As a further technical solution, the above horizontal propulsion mechanism includes:

the second bearing frame is erected on the mounting platform;

the sliding rail is horizontally arranged on the second bearing frame;

the sliding block is connected with the sliding rail in a sliding manner;

the servo motor and the speed reducer are fixed on the sliding block and synchronously and horizontally move with the sliding block; the speed reducer is connected with a power output shaft of the servo motor, and the speed reducer is connected with the left end of the connecting shaft through a coupler.

As a further technical solution, the above apparatus further comprises a heat dissipation system, the heat dissipation system comprising:

the water tank is arranged on the mounting platform;

the radiating pipe is arranged in the space between the left coil and the right coil in an annular structure, and one side of the annular structure is disconnected and divided into a water filling port and a water outlet;

the water injection pipe is arranged outside the bracket, one end of the water injection pipe is communicated with the water tank, and the other end of the water injection pipe is communicated with a water injection port of the radiating pipe through a water pump;

and the water outlet pipe is arranged outside the support, one end of the water outlet pipe is communicated with the water tank, and the other end of the water outlet pipe is communicated with the water outlet of the radiating pipe.
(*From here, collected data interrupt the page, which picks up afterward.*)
(* Let $(G,r)$ be a symmetric group, $r(a,b)=({}^ab,a^b)$, and let $\Gamma=\{a\in G:\ {}^au=u\ \forall u\in G\}$. Then $\Gamma$ equals $\{a\in G: u^a=u\ \forall u\in G\}$, it is an abelian normal subgroup of $G$ invariant under the left and right actions of $G$ on itself, and, with $\widetilde{G}=G/\Gamma$ carrying the quotient symmetric group structure $r_{\widetilde G}(a\Gamma,b\Gamma)=({}^ab\,\Gamma,a^b\,\Gamma)$, the map $\varphi:\widetilde{G}\to[G]$, $a\Gamma\mapsto[a]$, is a well-defined isomorphism of symmetric sets from $(\widetilde{G},r_{\widetilde G})$ onto the retraction $\mathrm{Ret}(G,r)=([G],r_{[G]})$. In particular $[G]$ with multiplication $[a][b]=[ab]$ is a symmetric group and $\varphi$ is an isomorphism of symmetric groups.
   Context: A symmetric group is a pair $(G,\sigma)$, $G$ a group, $\sigma(u,v)=({}^uv,u^v)$ an involutive bijection of $G\times G$ with ${}^a1=1,{}^1u=u,1^u=1,a^1=a$, ${}^{ab}u={}^a({}^bu)$, $a^{uv}=(a^u)^v$, ${}^a(uv)=({}^au)({}^{a^u}v)$, $(ab)^u=(a^{{}^bu})(b^u)$, $uv=({}^uv)(u^v)$; it is in particular a non-degenerate symmetric set (non-degenerate involutive set-theoretic solution of the Yang–Baxter equation). For a non-degenerate symmetric set $(X,r)$, $r(x,y)=({}^xy,x^y)$, define $x\sim y$ iff ${}^xz={}^yz$ for all $z\in X$; the retraction $\mathrm{Ret}(X,r)=([X],r_{[X]})$ is the set of classes $[X]=X/\sim$ with $r_{[X]}([x],[y])=([{}^xy],[x^y])$, a non-degenerate symmetric set. It is known (Takeuchi) that $(G/\Gamma, r_{\widetilde G})$ as in the claim is a well-defined symmetric group. *)

theory Defs
  imports "HOL-Algebra.Coset"
begin

text \<open>A binary map r(x,y) = (L x y, R x y) on a set X is encoded by two functions:
  L x y = {}^x y (left action) and R x y = x^y (right action).\<close>

definition involutive_on :: "'a set \<Rightarrow> ('a \<Rightarrow> 'a \<Rightarrow> 'a) \<Rightarrow> ('a \<Rightarrow> 'a \<Rightarrow> 'a) \<Rightarrow> bool" where
  "involutive_on X L R \<longleftrightarrow>
     (\<forall>x\<in>X. \<forall>y\<in>X. L x y \<in> X \<and> R x y \<in> X) \<and>
     (\<forall>x\<in>X. \<forall>y\<in>X. L (L x y) (R x y) = x \<and> R (L x y) (R x y) = y)"

definition symmetric_set :: "'a set \<Rightarrow> ('a \<Rightarrow> 'a \<Rightarrow> 'a) \<Rightarrow> ('a \<Rightarrow> 'a \<Rightarrow> 'a) \<Rightarrow> bool" where
  "symmetric_set X L R \<longleftrightarrow>
     involutive_on X L R \<and>
     (\<forall>x\<in>X. bij_betw (L x) X X) \<and>
     (\<forall>y\<in>X. bij_betw (\<lambda>x. R x y) X X) \<and>
     (\<forall>x\<in>X. \<forall>y\<in>X. \<forall>z\<in>X.
        (let r1 = (\<lambda>(a,b,c). (L a b, R a b, c));
             r2 = (\<lambda>(a,b,c). (a, L b c, R b c))
         in r1 (r2 (r1 (x,y,z))) = r2 (r1 (r2 (x,y,z)))))"

definition symmetric_group :: "('a,'b) monoid_scheme \<Rightarrow> ('a \<Rightarrow> 'a \<Rightarrow> 'a) \<Rightarrow> ('a \<Rightarrow> 'a \<Rightarrow> 'a) \<Rightarrow> bool" where
  "symmetric_group G L R \<longleftrightarrow>
     group G \<and> involutive_on (carrier G) L R \<and>
     (\<forall>a\<in>carrier G. L a \<one>\<^bsub>G\<^esub> = \<one>\<^bsub>G\<^esub> \<and> L \<one>\<^bsub>G\<^esub> a = a \<and>
                     R \<one>\<^bsub>G\<^esub> a = \<one>\<^bsub>G\<^esub> \<and> R a \<one>\<^bsub>G\<^esub> = a) \<and>
     (\<forall>a\<in>carrier G. \<forall>b\<in>carrier G. \<forall>u\<in>carrier G.
        L (a \<otimes>\<^bsub>G\<^esub> b) u = L a (L b u) \<and>
        R a (b \<otimes>\<^bsub>G\<^esub> u) = R (R a b) u \<and>
        L a (b \<otimes>\<^bsub>G\<^esub> u) = L a b \<otimes>\<^bsub>G\<^esub> L (R a b) u \<and>
        R (a \<otimes>\<^bsub>G\<^esub> b) u = R a (L b u) \<otimes>\<^bsub>G\<^esub> R b u) \<and>
     (\<forall>u\<in>carrier G. \<forall>v\<in>carrier G. u \<otimes>\<^bsub>G\<^esub> v = L u v \<otimes>\<^bsub>G\<^esub> R u v)"

definition symset_iso ::
  "'a set \<Rightarrow> ('a \<Rightarrow> 'a \<Rightarrow> 'a) \<Rightarrow> ('a \<Rightarrow> 'a \<Rightarrow> 'a) \<Rightarrow>
   'c set \<Rightarrow> ('c \<Rightarrow> 'c \<Rightarrow> 'c) \<Rightarrow> ('c \<Rightarrow> 'c \<Rightarrow> 'c) \<Rightarrow> ('a \<Rightarrow> 'c) \<Rightarrow> bool" where
  "symset_iso X LX RX Y LY RY f \<longleftrightarrow>
     bij_betw f X Y \<and>
     (\<forall>x\<in>X. \<forall>y\<in>X. f (LX x y) = LY (f x) (f y) \<and> f (RX x y) = RY (f x) (f y))"

definition ret_rel :: "'a set \<Rightarrow> ('a \<Rightarrow> 'a \<Rightarrow> 'a) \<Rightarrow> ('a \<times> 'a) set" where
  "ret_rel X L = {(x,y). x \<in> X \<and> y \<in> X \<and> (\<forall>z\<in>X. L x z = L y z)}"

definition ret_class :: "'a set \<Rightarrow> ('a \<Rightarrow> 'a \<Rightarrow> 'a) \<Rightarrow> 'a \<Rightarrow> 'a set" where
  "ret_class X L x = ret_rel X L `` {x}"

definition ret_carrier :: "'a set \<Rightarrow> ('a \<Rightarrow> 'a \<Rightarrow> 'a) \<Rightarrow> 'a set set" where
  "ret_carrier X L = X // ret_rel X L"

definition ret_L :: "'a set \<Rightarrow> ('a \<Rightarrow> 'a \<Rightarrow> 'a) \<Rightarrow> 'a set \<Rightarrow> 'a set \<Rightarrow> 'a set" where
  "ret_L X L C D = ret_class X L (L (SOME x. x \<in> C) (SOME y. y \<in> D))"

definition ret_R :: "'a set \<Rightarrow> ('a \<Rightarrow> 'a \<Rightarrow> 'a) \<Rightarrow> ('a \<Rightarrow> 'a \<Rightarrow> 'a) \<Rightarrow> 'a set \<Rightarrow> 'a set \<Rightarrow> 'a set" where
  "ret_R X L R C D = ret_class X L (R (SOME x. x \<in> C) (SOME y. y \<in> D))"

definition ret_group :: "('a,'b) monoid_scheme \<Rightarrow> ('a \<Rightarrow> 'a \<Rightarrow> 'a) \<Rightarrow> 'a set monoid" where
  "ret_group G L =
     \<lparr>carrier = ret_carrier (carrier G) L,
      mult = (\<lambda>C D. ret_class (carrier G) L ((SOME x. x \<in> C) \<otimes>\<^bsub>G\<^esub> (SOME y. y \<in> D))),
      one = ret_class (carrier G) L \<one>\<^bsub>G\<^esub>\<rparr>"

definition quot_L :: "('a,'b) monoid_scheme \<Rightarrow> 'a set \<Rightarrow> ('a \<Rightarrow> 'a \<Rightarrow> 'a) \<Rightarrow> 'a set \<Rightarrow> 'a set \<Rightarrow> 'a set" where
  "quot_L G N L C D = N #>\<^bsub>G\<^esub> L (SOME x. x \<in> C) (SOME y. y \<in> D)"

definition quot_R :: "('a,'b) monoid_scheme \<Rightarrow> 'a set \<Rightarrow> ('a \<Rightarrow> 'a \<Rightarrow> 'a) \<Rightarrow> 'a set \<Rightarrow> 'a set \<Rightarrow> 'a set" where
  "quot_R G N R C D = N #>\<^bsub>G\<^esub> R (SOME x. x \<in> C) (SOME y. y \<in> D)"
As a further technical scheme, a temperature sensor is arranged above the axle of the right bottom surface of the upper shell.

As a further technical scheme, the movable disc plate positioned in the middle is of a disc-shaped structure; the movable discs at the two ends are in a symmetrical semi-disc structure, and the planes of the movable discs face to the bottom surface of the shell; the section of each static disk is in a symmetrical trapezoid structure, and the trapezoid structure is inserted into the interval of the movable disks according to the inner thickness and the outer thickness and is matched with the interval shape of the movable disks.

As a further technical solution, the contact end surface of the pressing column and the inclined surface structure is a spherical surface.

As a further technical scheme, the axle and the left and right bottom surfaces of the shell are sealed through first framework oil seals.

As a further technical scheme, the penetrating position of the pressurizing upright post and the magnetism isolating ring is sealed by a second framework oil seal and a pressing plate.

As a further technical scheme, the shell consists of a left end cover, a middle ring and a right end cover.

As a further technical scheme, the sleeve is connected with the axle in a matched mode through a spline.

Compared with the prior art, the invention has the beneficial effects that:

1. the invention designs a two-stage braking structure, and the braking effect is good.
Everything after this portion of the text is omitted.